§ **Assignment**:
What lines in the listing include "assms"? Return a copy of each.

Top of Exercise materials

lemma colon_supported_polys_restrict_keys:
  assumes "upward_closed E"
  shows "colon (supported_polys E) w = colon (supported_polys E) (restrict_keys (- E) w)"
  by (rule colon_cong[OF is_ideal_supported_polys[OF assms]])
    (simp add: restrict_keys_compl restrict_keys_in_supported_polys)

lemma uniform_shiftE:
  fixes Z :: "'k::comm_monoid_add set"
  assumes up: "upward_closed E" and "finite Z" and "\<not> Z \<subseteq> E"
  obtains c where "\<exists>a\<in>Z. a + c \<notin> E"
    and "\<And>a a' b. a \<in> Z \<Longrightarrow> a' \<in> Z \<Longrightarrow> a + c \<notin> E \<Longrightarrow> a + c + b \<in> E \<Longrightarrow>
      a' + c + b \<in> E"
proof -
  define S where "S c = {a \<in> Z. a + c \<notin> E}" for c
  have "S 0 \<noteq> {}" using assms(3) by (auto simp: S_def)
  then obtain c where c: "S c \<noteq> {}" and min: "\<And>c'. S c' \<noteq> {} \<Longrightarrow> card (S c) \<le> card (S c')"
    using ex_has_least_nat[of "\<lambda>c. S c \<noteq> {}" 0 "\<lambda>c. card (S c)"] by blast
  have mono: "S (c + b) \<subseteq> S c" for b
  proof
    fix a assume "a \<in> S (c + b)"
    then have "a \<in> Z" "a + c + b \<notin> E" by (simp_all add: S_def add.assoc)
    then show "a \<in> S c" using upward_closedD[OF up, of "a + c" b] by (auto simp: S_def)
  qed
  have fin: "finite (S c')" for c' using \<open>finite Z\<close> by (simp add: S_def)
  show thesis
  proof (rule that)
    show "\<exists>a\<in>Z. a + c \<notin> E" using c by (auto simp: S_def)
    fix a a' b assume "a \<in> Z" "a' \<in> Z" "a + c \<notin> E" "a + c + b \<in> E"
    show "a' + c + b \<in> E"
    proof (rule ccontr)
      assume "a' + c + b \<notin> E"
      then have "a' \<in> S (c + b)" using \<open>a' \<in> Z\<close> by (simp add: S_def add.assoc)
      then have "card (S c) \<le> card (S (c + b))" using min by blast
      then have "card (S (c + b)) = card (S c)" using card_mono[OF fin mono[of b]] by simp
      then have "S (c + b) = S c" by (rule card_subset_eq[OF fin mono])
      moreover have "a \<in> S c" using \<open>a \<in> Z\<close> \<open>a + c \<notin> E\<close> by (simp add: S_def)
      ultimately have "a \<in> S (c + b)" by simp
      then have "a + c + b \<notin> E" by (simp add: S_def add.assoc)
      then show False using \<open>a + c + b \<in> E\<close> by simp
    qed
  qed
qed

lemma var_exps_subset_colon_exps:
  assumes "upward_closed E"
  shows "var_exps {i. d + Poly_Mapping.single i 1 \<in> E} \<subseteq> {b. d + b \<in> E}"
proof
  fix b assume "b \<in> var_exps {i. d + Poly_Mapping.single i 1 \<in> E}"
  then obtain i where "d + Poly_Mapping.single i 1 \<in> E" and b_i: "0 < Poly_Mapping.lookup b i"
    by (auto simp: mem_var_exps_iff)
  then have "d + Poly_Mapping.single i 1 + (b - Poly_Mapping.single i 1) \<in> E"
    using upward_closedD[OF assms] by blast
  then show "b \<in> {b. d + b \<in> E}" using single_add_diff_eq[OF b_i] by (simp add: add.assoc)
qed

lemma colon_exps_eq_var_exps:
  fixes d :: "'v::finite \<Rightarrow>\<^sub>0 nat"
  assumes up: "upward_closed E" and "d \<notin> E"
    and max: "\<And>b. d + b \<notin> E \<Longrightarrow>
      card {i. d + b + Poly_Mapping.single i 1 \<in> E} \<le> card {i. d + Poly_Mapping.single i 1 \<in> E}"
  shows "{b. d + b \<in> E} = var_exps {i. d + Poly_Mapping.single i 1 \<in> E}"
    (is "_ = var_exps ?A")
proof -
  have "b \<in> var_exps ?A" if "d + b \<in> E" for b
    using that
  proof (induction "mon_deg b" arbitrary: b rule: less_induct)
    case less
    show ?case
    proof (rule ccontr)
      assume "b \<notin> var_exps ?A"
      have "b \<noteq> 0" using less.prems \<open>d \<notin> E\<close> by auto
      then obtain j b' where b: "b = Poly_Mapping.single j 1 + b'" by (rule nonzero_expsE)
      have "j \<notin> ?A" using \<open>b \<notin> var_exps ?A\<close> b by (auto simp: mem_var_exps_iff lookup_add)
      have "b' \<notin> var_exps ?A" using \<open>b \<notin> var_exps ?A\<close> b by (auto simp: mem_var_exps_iff lookup_add)
      moreover have "mon_deg b' < mon_deg b" using b by (simp add: mon_deg_add)
      ultimately have "d + b' \<notin> E" using less.hyps by blast
      have "d + b' + Poly_Mapping.single j 1 \<in> E" using less.prems b by (simp add: ac_simps)
      moreover have "d + b' + Poly_Mapping.single i 1 \<in> E" if "i \<in> ?A" for i
        using upward_closedD[OF up, of "d + Poly_Mapping.single i 1" b'] that by (simp add: ac_simps)
      ultimately have "insert j ?A \<subseteq> {i. d + b' + Poly_Mapping.single i 1 \<in> E}" by blast
      then have "card (insert j ?A) \<le> card {i. d + b' + Poly_Mapping.single i 1 \<in> E}"
        by (rule card_mono[OF finite])
      then have "card ?A < card {i. d + b' + Poly_Mapping.single i 1 \<in> E}"
        using \<open>j \<notin> ?A\<close> by simp
      then show False using max[OF \<open>d + b' \<notin> E\<close>] by simp
    qed
  qed
  then show ?thesis using var_exps_subset_colon_exps[OF up, of d] by blast
qed

lemma colon_exps_var_expsE:
  fixes d0 :: "'v::finite \<Rightarrow>\<^sub>0 nat"
  assumes up: "upward_closed E" and "d0 \<notin> E"
  obtains d A where "d0 + d \<notin> E" and "{b. d0 + d + b \<in> E} = var_exps A"
proof -
  let ?vars = "\<lambda>d. card {i. d0 + d + Poly_Mapping.single i 1 \<in> E}"
  have "?vars d < Suc (card (UNIV :: 'v set))" for d
    by (simp add: card_mono le_imp_less_Suc)
  then obtain d where d: "d0 + d \<notin> E" and max: "\<And>d'. d0 + d' \<notin> E \<Longrightarrow> ?vars d' \<le> ?vars d"
    using Lattices_Big.ex_has_greatest_nat[of "\<lambda>d. d0 + d \<notin> E" 0 ?vars "Suc (card (UNIV :: 'v set))"]
      \<open>d0 \<notin> E\<close>
    by auto
  have "{b. d0 + d + b \<in> E} = var_exps {i. d0 + d + Poly_Mapping.single i 1 \<in> E}"
  proof (rule colon_exps_eq_var_exps[OF up d])
    fix b assume "d0 + d + b \<notin> E"
    then show "card {i. d0 + d + b + Poly_Mapping.single i 1 \<in> E}
        \<le> card {i. d0 + d + Poly_Mapping.single i 1 \<in> E}"
      using max[of "d + b"] by (simp add: add.assoc)
  qed
  with d show thesis by (rule that)
qed

lemma prime_colon_monomial_multipleE:
  fixes z :: "('v::finite, 'a::field) mpoly"
  assumes up: "upward_closed E" and "z \<notin> supported_polys E"
  obtains c where "prime_ideal (colon (supported_polys E) (z * monomial_poly c))"
proof -
  have "\<not> Poly_Mapping.keys z \<subseteq> E" using assms(2) by (simp add: supported_polys_def)
  then obtain c where "\<exists>a\<in>Poly_Mapping.keys z. a + c \<notin> E"
    and uniform: "\<And>a a' b. a \<in> Poly_Mapping.keys z \<Longrightarrow> a' \<in> Poly_Mapping.keys z \<Longrightarrow>
      a + c \<notin> E \<Longrightarrow> a + c + b \<in> E \<Longrightarrow> a' + c + b \<in> E"
    by (rule uniform_shiftE[OF up finite_keys]) blast
  then obtain a0 where a0: "a0 \<in> Poly_Mapping.keys z" "a0 + c \<notin> E" by blast
  obtain d A where d: "a0 + c + d \<notin> E"
    and colon_d: "{b. a0 + c + d + b \<in> E} = var_exps A"
    by (rule colon_exps_var_expsE[OF up a0(2)])
  define w where "w = z * monomial_poly (c + d)"
  define w' where "w' = restrict_keys (- E) w"
  have "a0 + (c + d) \<in> Poly_Mapping.keys w'"
    using a0 d by (simp add: w'_def w_def keys_restrict_keys keys_mult_monomial_poly add.assoc)
  then have "w' \<noteq> 0" by auto
  moreover have "b + k \<in> E \<longleftrightarrow> b \<in> var_exps A" if "k \<in> Poly_Mapping.keys w'" for b k
  proof -
    from that obtain a where a: "a \<in> Poly_Mapping.keys z" "k = a + (c + d)" "k \<notin> E"
      by (auto simp: w'_def w_def keys_restrict_keys keys_mult_monomial_poly)
    then have "a + c \<notin> E" using upward_closedD[OF up, of "a + c" d] by (auto simp: add.assoc)
    then have "a + c + (d + b) \<in> E \<longleftrightarrow> a0 + c + (d + b) \<in> E"
      using uniform[OF a(1) a0(1)] uniform[OF a0(1) a(1) a0(2)] by blast
    moreover have "b + k = a + c + (d + b)" "a0 + c + d + b = a0 + c + (d + b)"
      using a(2) by (simp_all add: ac_simps)
    moreover have "a0 + c + d + b \<in> E \<longleftrightarrow> b \<in> var_exps A"
      using colon_d[THEN eqset_imp_iff, of b] by simp
    ultimately show ?thesis by simp
  qed
  ultimately have "prime_ideal (colon (supported_polys E) w')"
    by (rule prime_colon_if_uniform_keys)
  then have "prime_ideal (colon (supported_polys E) w)"
    using colon_supported_polys_restrict_keys[OF up, of w] by (simp add: w'_def)
  then show thesis unfolding w_def by (rule that)
qed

Bottom of Exercise materials

§ **Written answer**:
  by (rule colon_cong[OF is_ideal_supported_polys[OF assms]])
  have "S 0 \<noteq> {}" using assms(3) by (auto simp: S_def)
    using upward_closedD[OF assms] by blast
  have "\<not> Poly_Mapping.keys z \<subseteq> E" using assms(2) by (simp add: supported_polys_def)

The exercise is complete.